lemma noetherian_ring_wf_psupset:
  assumes "noetherian_ring TYPE('a::comm_ring_1)"
  shows "wf {(J, I :: 'a set). ring_ideal I \<and> ring_ideal J \<and> I \<subset> J}"
  unfolding wf_iff_no_infinite_down_chain
proof clarify
  fix I :: "nat \<Rightarrow> 'a set"
  assume "\<forall>n. (I (Suc n), I n) \<in> {(J, I). ring_ideal I \<and> ring_ideal J \<and> I \<subset> J}"
  then have ideal: "\<forall>n. ring_ideal (I n)" and strict: "\<And>n. I n \<subset> I (Suc n)" by auto
  then have "\<forall>n. I n \<subseteq> I (Suc n)" by blast
  moreover have "(\<forall>n. ring_ideal (I n)) \<and> (\<forall>n. I n \<subseteq> I (Suc n)) \<longrightarrow> (\<exists>N. \<forall>n\<ge>N. I n = I N)"
    using assms unfolding noetherian_ring_def by (rule spec)
  ultimately obtain N where "\<forall>n\<ge>N. I n = I N" using ideal by blast
  then have "I (Suc N) = I N" by (elim allE[of _ "Suc N"]) simp
  then show False using strict[of N] by simp
qed

lemma noetherian_ring_maximal:
  assumes "noetherian_ring TYPE('a::comm_ring_1)" and "I \<in> \<I>" and "\<And>I. I \<in> \<I> \<Longrightarrow> ring_ideal (I :: 'a set)"
  obtains M where "M \<in> \<I>" "\<And>J. J \<in> \<I> \<Longrightarrow> M \<subseteq> J \<Longrightarrow> J = M"
proof -
  obtain M where M: "M \<in> \<I>"
    and min: "\<And>J. (J, M) \<in> {(J, I). ring_ideal I \<and> ring_ideal J \<and> I \<subset> J} \<Longrightarrow> J \<notin> \<I>"
    by (rule wfE_min[OF noetherian_ring_wf_psupset[OF assms(1)] assms(2)]) blast
  show ?thesis
  proof (rule that[OF M])
    fix J assume J: "J \<in> \<I>" "M \<subseteq> J"
    show "J = M"
    proof (rule ccontr)
      assume "J \<noteq> M"
      then have "(J, M) \<in> {(J, I). ring_ideal I \<and> ring_ideal J \<and> I \<subset> J}"
        using J M assms(3) by auto
      then show False using min J(1) by blast
    qed
  qed
qed

lemma ring_ideal_span: "ring_ideal (module.span (*) F)"
  using module.subspace_span[OF module_mult, of F]
  unfolding ring_ideal_def module.subspace_def[OF module_mult] by simp
(* Let Assumptions 1 and 2 hold and consider Algorithm 2 with $\eta\in(0,1/L_{\mathrm{avg}}]$. Let $\Delta_k=v_k-\nabla f(y_k)$, let $x_{k+1}$ be the $\epsilon_k$-optimal solution of the $k$-th subproblem, and let $u_k\in\mathbb{R}^d$ be any random vector that is independent of the mini-batch $\mathcal{B}_k$ given the past (i.e. determined by $\mathcal B_0,\dots,\mathcal B_{k-1}$). Then $$\mathbb{E}\langle\Delta_k,u_k-x_{k+1}\rangle\le\frac{3\eta}{2}\,\mathbb{E}\|\Delta_k\|_{H^{-1}}^2+\epsilon_k.$$
   Context: Setting. $F(x)=f(x)+h(x)$ on $\mathbb{R}^d$, where $f=\frac1n\sum_{i=1}^n f_i$ with each $f_i:\mathbb{R}^d\to\mathbb{R}$ convex and differentiable, and $h:\mathbb{R}^d\to\mathbb{R}\cup\{+\infty\}$ is proper, convex, lower semicontinuous, with closed domain $\mathrm{dom}\,h$. $H$ is a fixed symmetric positive definite $d\times d$ matrix; $\langle x,y\rangle_H=x^\top Hy$, $\|x\|_H=\sqrt{x^\top Hx}$, $\|x\|_{H^{-1}}=\sqrt{x^\top H^{-1}x}$, and $\langle x,y\rangle=x^\top y$. Assumption 1: each $f_i$ is $L_i$-smooth w.r.t. the $H$-norm, i.e. $\|\nabla f_i(x)-\nabla f_i(y)\|_{H^{-1}}\le L_i\|x-y\|_H$ for all $x,y$; $L_{\mathrm{avg}}=\frac1n\sum_{i=1}^nL_i$. Assumption 2: $f$ is $\mu$-strongly convex w.r.t. the $H$-norm for some $\mu>0$, i.e. $f(y)\ge f(x)+\langle\nabla f(x),y-x\rangle+\frac\mu2\|y-x\|_H^2$ for all $x,y$. Subproblem: for $y,v\in\mathbb{R}^d$ and $\eta>0$ let $q(x)=h(x)+\frac1{2\eta}\|x-y+\eta H^{-1}v\|_H^2$; a point $x^+$ is an $\epsilon$-optimal solution if $q(x^+)\le\min_x q(x)+\epsilon$. Algorithm 2 (one outer iteration $s$, given $\tilde x_s$ and parameters $\eta,\tau\in(0,1),\mu,b,T$ and tolerances $\epsilon_0,\dots,\epsilon_{T-1}\ge0$): compute $\nabla f(\tilde x_s)$; set $x_0=z_0=\tilde x_s$; for $k=0,\dots,T-1$: $y_k=\frac{1}{1+\tau}x_k+\frac{\tau}{1+\tau}z_k$; draw a mini-batch $\mathcal{B}_k$ of $b$ indices sampled independently (of each other and of the past) from $\{1,\dots,n\}$ with $\Pr(i)=p_i=L_i/(nL_{\mathrm{avg}})$; $v_k=\frac1b\sum_{i\in\mathcal B_k}\frac{\nabla f_i(y_k)-\nabla f_i(\tilde x_s)}{np_i}+\nabla f(\tilde x_s)$; let $x_{k+1}$ be an $\epsilon_k$-optimal solution of the subproblem with $y=y_k$, $v=v_k$; $g_{k+1}=(y_k-x_{k+1})/\eta$; $z_{k+1}=z_k+\tau(y_k-z_k)-\frac\tau\mu g_{k+1}$. Finally $\tilde x_{s+1}=x_T$. Expectations are over the mini-batch randomness. *)

theory Defs
  imports "HOL-Analysis.Analysis" "HOL-Probability.Probability"
begin

definition wnorm :: "real^'n^'n \<Rightarrow> real^'n \<Rightarrow> real" where
  "wnorm M x = sqrt (x \<bullet> (M *v x))"

definition sym_pos_def_mat :: "real^'n^'n \<Rightarrow> bool" where
  "sym_pos_def_mat M \<longleftrightarrow> transpose M = M \<and> (\<forall>x. x \<noteq> 0 \<longrightarrow> x \<bullet> (M *v x) > 0)"

definition edom :: "('a \<Rightarrow> ereal) \<Rightarrow> 'a set" where
  "edom h = {x. h x < \<infinity>}"

definition proper_fun :: "('a \<Rightarrow> ereal) \<Rightarrow> bool" where
  "proper_fun h \<longleftrightarrow> (\<forall>x. h x \<noteq> -\<infinity>) \<and> edom h \<noteq> {}"

definition econvex :: "('a::real_vector \<Rightarrow> ereal) \<Rightarrow> bool" where
  "econvex h \<longleftrightarrow> (\<forall>x y t. 0 < t \<and> t < 1 \<longrightarrow>
      h ((1 - t) *\<^sub>R x + t *\<^sub>R y) \<le> ereal (1 - t) * h x + ereal t * h y)"

definition lsc_fun :: "('a::topological_space \<Rightarrow> ereal) \<Rightarrow> bool" where
  "lsc_fun h \<longleftrightarrow> (\<forall>x. h x \<le> Liminf (at x) h)"

definition subprob :: "(real^'n \<Rightarrow> ereal) \<Rightarrow> real^'n^'n \<Rightarrow> real \<Rightarrow> real^'n \<Rightarrow> real^'n \<Rightarrow> real^'n \<Rightarrow> ereal" where
  "subprob h H eta y v x =
     h x + ereal (1 / (2 * eta) * (wnorm H (x - y + eta *\<^sub>R (matrix_inv H *v v)))\<^sup>2)"

definition eps_opt :: "(real^'n \<Rightarrow> ereal) \<Rightarrow> real^'n^'n \<Rightarrow> real \<Rightarrow> real^'n \<Rightarrow> real^'n \<Rightarrow> real \<Rightarrow> real^'n \<Rightarrow> bool" where
  "eps_opt h H eta y v eps xp \<longleftrightarrow>
     subprob h H eta y v xp \<le> (INF x. subprob h H eta y v x) + ereal eps"

text \<open>Index i in {0..<n} (standing for the paper's {1..n}) drawn with probability
  p_i = L_i / (n L_avg).\<close>
definition Lavg :: "nat \<Rightarrow> (nat \<Rightarrow> real) \<Rightarrow> real" where
  "Lavg n L = (\<Sum>i<n. L i) / real n"

definition prob_i :: "nat \<Rightarrow> (nat \<Rightarrow> real) \<Rightarrow> nat \<Rightarrow> real" where
  "prob_i n L i = L i / (real n * Lavg n L)"

definition index_pmf :: "nat \<Rightarrow> (nat \<Rightarrow> real) \<Rightarrow> nat pmf" where
  "index_pmf n L = embed_pmf (\<lambda>i. if i < n then prob_i n L i else 0)"

definition batch_pmf :: "nat \<Rightarrow> (nat \<Rightarrow> real) \<Rightarrow> nat \<Rightarrow> nat list pmf" where
  "batch_pmf n L b = replicate_pmf b (index_pmf n L)"
(* Let $\mathbb F$ be a field and let $D$ be an $m\times m$ differential matrix over $\mathbb F$. Then there exist an almost-Jordan differential matrix $\underline D$ and a triangular matrix $B$ (both $m\times m$ over $\mathbb F$) such that $D = B\,\underline D\,B^{-1}$.
   Context: A differential matrix is a square matrix $D$ with $D^2=0$. A differential matrix is Jordan if it is block-diagonal with every diagonal block equal to either the $1\times 1$ zero matrix $J=[0]$ or the $2\times 2$ matrix $K=\begin{bmatrix}0&1\\0&0\end{bmatrix}$. A differential matrix $\underline D$ is almost-Jordan if there is a permutation matrix $P$ such that $P^{-1}\underline D P$ is Jordan. A square matrix is called triangular if it is upper-triangular and invertible. *)

theory Defs
  imports "Jordan_Normal_Form.Jordan_Normal_Form" "HOL-Combinatorics.Permutations"
begin

definition differential_mat :: "'a::field mat \<Rightarrow> bool" where
  "differential_mat D \<longleftrightarrow> square_mat D \<and> D * D = 0\<^sub>m (dim_row D) (dim_col D)"

(* Jordan differential matrix: block diagonal with blocks J = [0] (jordan_block 1 0)
   or K = [[0,1],[0,0]] (jordan_block 2 0). *)
definition jordan_differential_mat :: "'a::field mat \<Rightarrow> bool" where
  "jordan_differential_mat D \<longleftrightarrow>
     (\<exists>bs. set bs \<subseteq> {1, 2} \<and> D = jordan_matrix (map (\<lambda>b. (b, 0)) bs))"

definition permutation_mat :: "nat \<Rightarrow> 'a::field mat \<Rightarrow> bool" where
  "permutation_mat n P \<longleftrightarrow>
     (\<exists>p. p permutes {..<n} \<and> P = mat n n (\<lambda>(i, j). if i = p j then 1 else 0))"

definition almost_jordan_mat :: "'a::field mat \<Rightarrow> bool" where
  "almost_jordan_mat D \<longleftrightarrow> differential_mat D \<and>
     (\<exists>P Pinv. permutation_mat (dim_row D) P \<and> Pinv \<in> carrier_mat (dim_row D) (dim_row D) \<and>
        P * Pinv = 1\<^sub>m (dim_row D) \<and> Pinv * P = 1\<^sub>m (dim_row D) \<and>
        jordan_differential_mat (Pinv * D * P))"

(* "triangular" in the paper: upper triangular and invertible *)
definition triangular_mat :: "'a::field mat \<Rightarrow> bool" where
  "triangular_mat B \<longleftrightarrow> upper_triangular B \<and> invertible_mat B"

end

theory Submission
  imports Defs
begin

text \<open>
  Let \<open>c\<close> be the first nonzero column of \<open>D\<close> and \<open>r\<close> the last nonzero row in that column.
  Replacing \<open>e\<^sub>r\<close> by \<open>D e\<^sub>c\<close> and every \<open>e\<^sub>j\<close> with \<open>j \<noteq> r, c\<close> by
  \<open>e\<^sub>j - (D\<^sub>r\<^sub>j / D\<^sub>r\<^sub>c) e\<^sub>c\<close> is an upper triangular change of basis, because \<open>D\<close> vanishes
  left of column \<open>c\<close> and below row \<open>r\<close> in column \<open>c\<close>. As \<open>D\<^sup>2 = 0\<close>, we get \<open>r \<noteq> c\<close>,
  and in the new basis column \<open>c\<close> becomes \<open>e\<^sub>r\<close>, row \<open>r\<close> becomes \<open>e\<^sub>c\<^sup>T\<close> and row
  \<open>c\<close> and column \<open>r\<close> vanish. Hence \<open>D\<close> is triangularly similar to \<open>M + E\<^sub>r\<^sub>c\<close> with
  \<open>M\<^sup>2 = 0\<close> and \<open>M\<close> supported away from \<open>r, c\<close>, and induction on the support makes \<open>D\<close>
  triangularly similar to a 0/1 matrix with ones at \<open>(r\<^sub>1, c\<^sub>1), \<dots>, (r\<^sub>k, c\<^sub>k)\<close>, all
  \<open>2k\<close> indices distinct. Listing the indices as \<open>r\<^sub>1, c\<^sub>1, \<dots>, r\<^sub>k, c\<^sub>k\<close> followed by the
  unused ones is a permutation turning this matrix into \<open>k\<close> blocks \<open>K\<close> followed by blocks \<open>J\<close>.
\<close>

lemma index_mult_mat_sum:
  assumes "A \<in> carrier_mat n k" "B \<in> carrier_mat k m" "i < n" "j < m"
  shows "(A * B) $$ (i, j) = (\<Sum>l<k. A $$ (i, l) * B $$ (l, j))"
  using assms by (auto simp: scalar_prod_def lessThan_atLeast0 intro!: sum.cong)
lemma residual_variance_separation:
  fixes alpha D sg :: real
  assumes sg: "0 < sg" and alpha: "0 \<le> alpha" "alpha < 1/2"
    and near: "vnorm d (ths - th) \<le> (1/2 - alpha) * D"
    and far: "(1/2 + alpha) * D \<le> vnorm d (ths - th')"
  defines "q \<equiv> alpha * D\<^sup>2 / (D\<^sup>2 + sg\<^sup>2)"
  shows "0 \<le> q" "q \<le> 1/2" "residual_variance d ths th sg \<le> D\<^sup>2 + sg\<^sup>2"
    and "residual_variance d ths th sg + 2 * q * (D\<^sup>2 + sg\<^sup>2) \<le> residual_variance d ths th' sg"
proof -
  have "0 \<le> (1/2 - alpha) * D" using near vnorm_nonneg[of d "ths - th"] by linarith
  then have D: "0 \<le> D" using alpha by (simp add: zero_le_mult_iff)
  define S where "S = D\<^sup>2 + sg\<^sup>2"
  have S: "0 < S" using sg by (simp add: S_def add_nonneg_pos)
  have "D\<^sup>2 / S \<le> 1" using S by (simp add: S_def)
  then have "q \<le> alpha"
    using alpha mult_left_mono[of "D\<^sup>2 / S" 1 alpha] by (simp add: q_def S_def)
  then show "q \<le> 1/2" using alpha by linarith
  show "0 \<le> q" using alpha S by (simp add: q_def S_def)
  have near2: "(vnorm d (ths - th))\<^sup>2 \<le> ((1/2 - alpha) * D)\<^sup>2"
    using near vnorm_nonneg by (intro power_mono) auto
  have far2: "((1/2 + alpha) * D)\<^sup>2 \<le> (vnorm d (ths - th'))\<^sup>2"
    using far alpha D by (intro power_mono) auto
  have "((1/2 - alpha) * D)\<^sup>2 \<le> D\<^sup>2"
    using alpha D by (intro power_mono) (auto intro: mult_left_le_one_le)
  then show "residual_variance d ths th sg \<le> D\<^sup>2 + sg\<^sup>2"
    using near2 by (simp add: residual_variance_def)
  have "q * S = alpha * D\<^sup>2" using S by (simp add: q_def S_def)
  moreover have "((1/2 + alpha) * D)\<^sup>2 - ((1/2 - alpha) * D)\<^sup>2 = 2 * alpha * D\<^sup>2"
    by (simp add: power2_eq_square algebra_simps)
  ultimately show "residual_variance d ths th sg + 2 * q * (D\<^sup>2 + sg\<^sup>2) \<le> residual_variance d ths th' sg"
    using near2 far2 by (simp add: S_def residual_variance_def algebra_simps)
qed

lemma sample_misranking_prob_le:
  fixes q S :: real
  assumes sg: "0 < sg" and q: "0 \<le> q" "q \<le> 1/2"
    and BS: "residual_variance d ths th sg \<le> S"
    and gap: "residual_variance d ths th sg + 2 * q * S \<le> residual_variance d ths th' sg"
  shows "measure (sample_dist n' d ths sg)
           {Z \<in> space (sample_dist n' d ths sg). emp_loss n' d th' Z \<le> emp_loss n' d th Z}
         \<le> 2 * exp (- real n' * q\<^sup>2 / 32)"
proof -
  interpret M: prob_space "sample_dist n' d ths sg" by (rule prob_space_sample_dist[OF sg])
  define B where "B = residual_variance d ths th sg"
  define A where "A = residual_variance d ths th' sg"
  have S: "0 < S" using BS residual_variance_pos[OF sg, of d ths th] by linarith
  define T where "T = B + q * S"
  \<comment> \<open>Either the loss at \<open>th\<close> is atypically large or the loss at \<open>th'\<close> is atypically small.\<close>
  define E1 where "E1 = {Z \<in> space (sample_dist n' d ths sg). real n' * T \<le> loss_sum n' d th Z}"
  define E2 where "E2 = {Z \<in> space (sample_dist n' d ths sg). loss_sum n' d th' Z \<le> real n' * T}"
  have "{Z \<in> space (sample_dist n' d ths sg). emp_loss n' d th' Z \<le> emp_loss n' d th Z} \<subseteq> E1 \<union> E2"
    by (auto simp: E1_def E2_def emp_loss_le_iff)
  then have "measure (sample_dist n' d ths sg)
      {Z \<in> space (sample_dist n' d ths sg). emp_loss n' d th' Z \<le> emp_loss n' d th Z}
    \<le> measure (sample_dist n' d ths sg) (E1 \<union> E2)"
    by (rule M.finite_measure_mono) (simp add: E1_def E2_def)
  also have "\<dots> \<le> measure (sample_dist n' d ths sg) E1 + measure (sample_dist n' d ths sg) E2"
    by (rule measure_Un_le) (simp_all add: E1_def E2_def)
  also have "measure (sample_dist n' d ths sg) E1 \<le> exp (- real n' * q\<^sup>2 / 16)"
    unfolding E1_def T_def B_def using q
    by (intro sample_residual_upper_tail[OF sg BS, where eps = q]) simp_all
  also have "measure (sample_dist n' d ths sg) E2 \<le> exp (- real n' * (q / 2)\<^sup>2 / 8)"
  proof -
    have "(B + 2 * q * S) * (1 - q / 2) = B + 2 * q * S - q * B / 2 - q * q * S"
      by (simp add: algebra_simps)
    moreover have "q * B \<le> q * S"
      using q BS by (simp add: B_def mult_left_mono)
    moreover have "q * q * S \<le> q * (1/2) * S"
      using q S by (intro mult_right_mono mult_left_mono) simp_all
    moreover have "(B + 2 * q * S) * (1 - q / 2) \<le> A * (1 - q / 2)"
      using gap q by (intro mult_right_mono) (auto simp: A_def B_def)
    ultimately have "T \<le> (1 - q / 2) * A"
      unfolding T_def by (simp add: algebra_simps)
    then show ?thesis
      unfolding E2_def using sg q
      by (intro sample_residual_lower_tail) (simp_all add: A_def)
  qed
  also have "exp (- real n' * q\<^sup>2 / 16) + exp (- real n' * (q / 2)\<^sup>2 / 8) \<le> 2 * exp (- real n' * q\<^sup>2 / 32)"
    by (simp add: power_divide)
  finally show ?thesis by simp
qed
lemma (in fm_invariant_state) invariant_fm_step: "fm_invariant n k (fm_step n k st)"
proof (cases "pend st")
  case (Cons p rest)
  obtain h y where p: "p = (h, y)"
    by fastforce
  show ?thesis
  proof (cases "y \<le> outer st h")
    case True
    then interpret fm_removal_step n k st h y rest
      using Cons p by unfold_locales simp_all
    show ?thesis
      by (simp add: fm_step_eq invariant_next)
  next
    case False
    then interpret fm_skip_step n k st h y rest
      using Cons p by unfold_locales simp_all
    show ?thesis
      by (simp add: fm_step_eq invariant_next)
  qed
next
  case no_pending: Nil
  show ?thesis
  proof (cases "queue st")
    case Nil
    \<comment> \<open>Starting a new round only moves \<open>nqueue\<close> to \<open>queue\<close>; the invariant sees their concatenation.\<close>
    then show ?thesis
      using invariant no_pending
      by (auto simp: fm_step_def fm_invariant_def entries_periodic_def active_def row_log_def
          queued_for_def row_log_bound_def row_sorted_def pending_bounds_def)
  next
    case (Cons q rest)
    obtain x s where q: "q = (x, s)"
      by fastforce
    show ?thesis
    proof (cases "\<forall>y. active st s y \<longrightarrow> ent st (s, y) \<le> x")
      case True
      then interpret fm_append_step n k st x s rest
        using Cons q no_pending by unfold_locales simp_all
      show ?thesis
        by (simp add: fm_step_eq invariant_next)
    next
      case False
      then interpret fm_bump_step n k st x s rest
        using Cons q no_pending by unfold_locales simp_all
      show ?thesis
        by (simp add: fm_step_eq invariant_next)
    qed
  qed
qed

section \<open>The initial state\<close>

lemma sorted_wrt_concat_rows:
  "sorted_wrt (<) hs \<Longrightarrow> sorted_wrt (\<lambda>p q. fst p < fst q \<or> fst p = fst q \<and> snd p < snd q)
     (concat (map (\<lambda>h. map (\<lambda>y. (h, y)) (filter (P h) [(a h :: int) .. b h])) hs))"
proof (induction hs)
  case (Cons h hs)
  have "sorted_wrt (\<lambda>p q. fst p < fst q \<or> fst p = fst q \<and> snd p < snd q)
      (map (\<lambda>y. (h, y)) (filter (P h) [a h .. b h]))"
    unfolding sorted_wrt_map
    by (rule sorted_wrt_filter) (simp add: sorted_wrt_mono_rel[OF _ sorted_wrt_upto])
  then show ?case
    using Cons by (auto simp: sorted_wrt_append)
qed simp

lemma pend_init_mem:
  "(h, y) \<in> set (pend (fm_init n k lam mu T S nu r0))
     \<Longrightarrow> r0 \<le> h \<and> h \<le> r0 + int k - 1 \<and> mu h < y \<and> y \<le> nu h"
  by (auto simp: fm_init_def)

lemma sorted_pending_init: "sorted_wrt (pending_order k) (pend (fm_init n k lam mu T S nu r0))"
proof -
  have "sorted_wrt (\<lambda>p q. fst p < fst q \<or> fst p = fst q \<and> snd p < snd q)
      (pend (fm_init n k lam mu T S nu r0))"
    unfolding fm_init_def fm_state.select_convs by (rule sorted_wrt_concat_rows[OF sorted_wrt_upto])
  then show ?thesis
  proof (rule sorted_wrt_mono_rel[rotated])
    fix p q
    assume mem: "p \<in> set (pend (fm_init n k lam mu T S nu r0))"
      "q \<in> set (pend (fm_init n k lam mu T S nu r0))"
      and lex: "fst p < fst q \<or> fst p = fst q \<and> snd p < snd q"
    obtain h1 y1 h2 y2 where pq: "p = (h1, y1)" "q = (h2, y2)"
      by fastforce
    show "pending_order k p q"
      using lex mem pend_init_mem mod_neq_if_in_window[of r0 h1 h2 k]
      unfolding pending_order_def pq by fastforce
  qed
qed

lemma init_simps:
  "outer (fm_init n k lam mu T S nu r0) = lam" "inner (fm_init n k lam mu T S nu r0) = nu"
  "ent (fm_init n k lam mu T S nu r0) = T" "queue (fm_init n k lam mu T S nu r0) = []"
  "nqueue (fm_init n k lam mu T S nu r0) = []" "removed (fm_init n k lam mu T S nu r0) = []"
  by (simp_all add: fm_init_def)

lemma pending_bounds_init:
  fixes T :: "int \<times> int \<Rightarrow> 'a::linorder"
  assumes "cyl_tableau n k lam mu T"
  shows "pending_bounds k (fm_init n k lam mu T S nu r0)"
  unfolding pending_bounds_def init_simps
proof (intro allI impI conjI)
  fix h y y'
  assume mem: "(h, y) \<in> set (pend (fm_init n k lam mu T S nu r0))"
    and y': "y < y' \<and> y' \<le> lam h \<and> (nu h < y' \<or> (h, y') \<in> set (pend (fm_init n k lam mu T S nu r0)))"
  show "T (h, y) \<le> T (h, y')"
  proof (rule int_le_chain[where g = "\<lambda>z. T (h, z)"])
    fix w
    assume "y \<le> w" "w < y'"
    then show "T (h, w) \<le> T (h, w + 1)"
      using assms pend_init_mem[OF mem] y' unfolding cyl_tableau_def in_skew_def in_shape_def by auto
  qed (use y' in simp)
qed (auto simp: row_log_def init_simps dest: pend_init_mem)

lemma fm_invariant_init:
  fixes T :: "int \<times> int \<Rightarrow> 'a::linorder"
  assumes tab: "cyl_tableau n k lam mu T" and input: "fullmulti_input n k mu S nu"
  shows "fm_invariant n k (fm_init n k lam mu T S nu r0)"
proof -
  let ?st = "fm_init n k lam mu T S nu r0"
  have T_box: "\<And>p q. in_skew lam mu p \<Longrightarrow> same_box n k p q \<Longrightarrow> T q = T p"
    and T_row: "\<And>x y. in_skew lam mu (x, y) \<Longrightarrow> in_skew lam mu (x, y + 1) \<Longrightarrow> T (x, y) \<le> T (x, y + 1)"
    and periodic: "cyl_periodic n k lam" "cyl_periodic n k nu"
    using tab input cylindric_imp_cyl_periodic
    unfolding cyl_tableau_def fullmulti_input_def by blast+
  have "in_shape nu (x, mu x)" for x
    using input unfolding fullmulti_input_def by (simp add: in_shape_def)
  then have mu_le_nu: "mu x \<le> nu x" for x
    by (simp add: in_shape_def)
  have active_skew: "active ?st x y \<Longrightarrow> in_skew lam mu (x, y)" for x y
    unfolding active_def init_simps in_skew_def in_shape_def using mu_le_nu[of x] by auto
  have "entries_periodic n k ?st"
    unfolding entries_periodic_def
  proof (intro allI impI)
    fix x y t
    assume "active ?st x y"
    moreover have "same_box n k (x, y) (x - t * int k, y + t * (int n - int k))"
      unfolding same_box_def by auto
    ultimately show "ent ?st (x - t * int k, y + t * (int n - int k)) = ent ?st (x, y)"
      using T_box active_skew unfolding init_simps by blast
  qed
  moreover have "row_sorted ?st c" for c
    unfolding row_sorted_def init_simps using active_skew T_row by blast
  ultimately show ?thesis
    unfolding fm_invariant_def row_log_bound_def
    using periodic pending_bounds_init[OF tab] sorted_pending_init
    by (auto simp: init_simps row_log_def queued_for_def)
qed

theorem mainTheorem13:
  fixes n k :: nat and lam mu nu :: "int \<Rightarrow> int" and T :: "int \<times> int \<Rightarrow> 'a::linorder"
    and S :: "(int \<times> int) set" and r0 :: int
  assumes "1 \<le> k" and "k < n"
    and "cyl_tableau n k lam mu T"
    and "fullmulti_input n k mu S nu"
  shows "\<forall>m r. sorted (map snd (filter (\<lambda>e. fst e mod int k = r mod int k)
            (removed ((fm_step n k ^^ m) (fm_init n k lam mu T S nu r0)))))"
proof (intro allI)
  fix m r
  have "fm_invariant n k ((fm_step n k ^^ m) (fm_init n k lam mu T S nu r0))"
  proof (induction m)
    case 0
    then show ?case
      using fm_invariant_init[OF assms(3,4)] by simp
  next
    case (Suc m)
    interpret fm_invariant_state n k "(fm_step n k ^^ m) (fm_init n k lam mu T S nu r0)"
      using Suc assms(1) by unfold_locales simp_all
    show ?case
      using invariant_fm_step by simp
  qed
  then show "sorted (map snd (filter (\<lambda>e. fst e mod int k = r mod int k)
      (removed ((fm_step n k ^^ m) (fm_init n k lam mu T S nu r0)))))"
    unfolding fm_invariant_def row_log_def by blast
qed

end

Directions - Please show the lines of the material that contain the string "also".

Task response -
  also have "\<dots> \<le> measure (sample_dist n' d ths sg) E1 + measure (sample_dist n' d ths sg) E2"
  also have "measure (sample_dist n' d ths sg) E1 \<le> exp (- real n' * q\<^sup>2 / 16)"
  also have "measure (sample_dist n' d ths sg) E2 \<le> exp (- real n' * (q / 2)\<^sup>2 / 8)"
  also have "exp (- real n' * q\<^sup>2 / 16) + exp (- real n' * (q / 2)\<^sup>2 / 8) \<le> 2 * exp (- real n' * q\<^sup>2 / 32)"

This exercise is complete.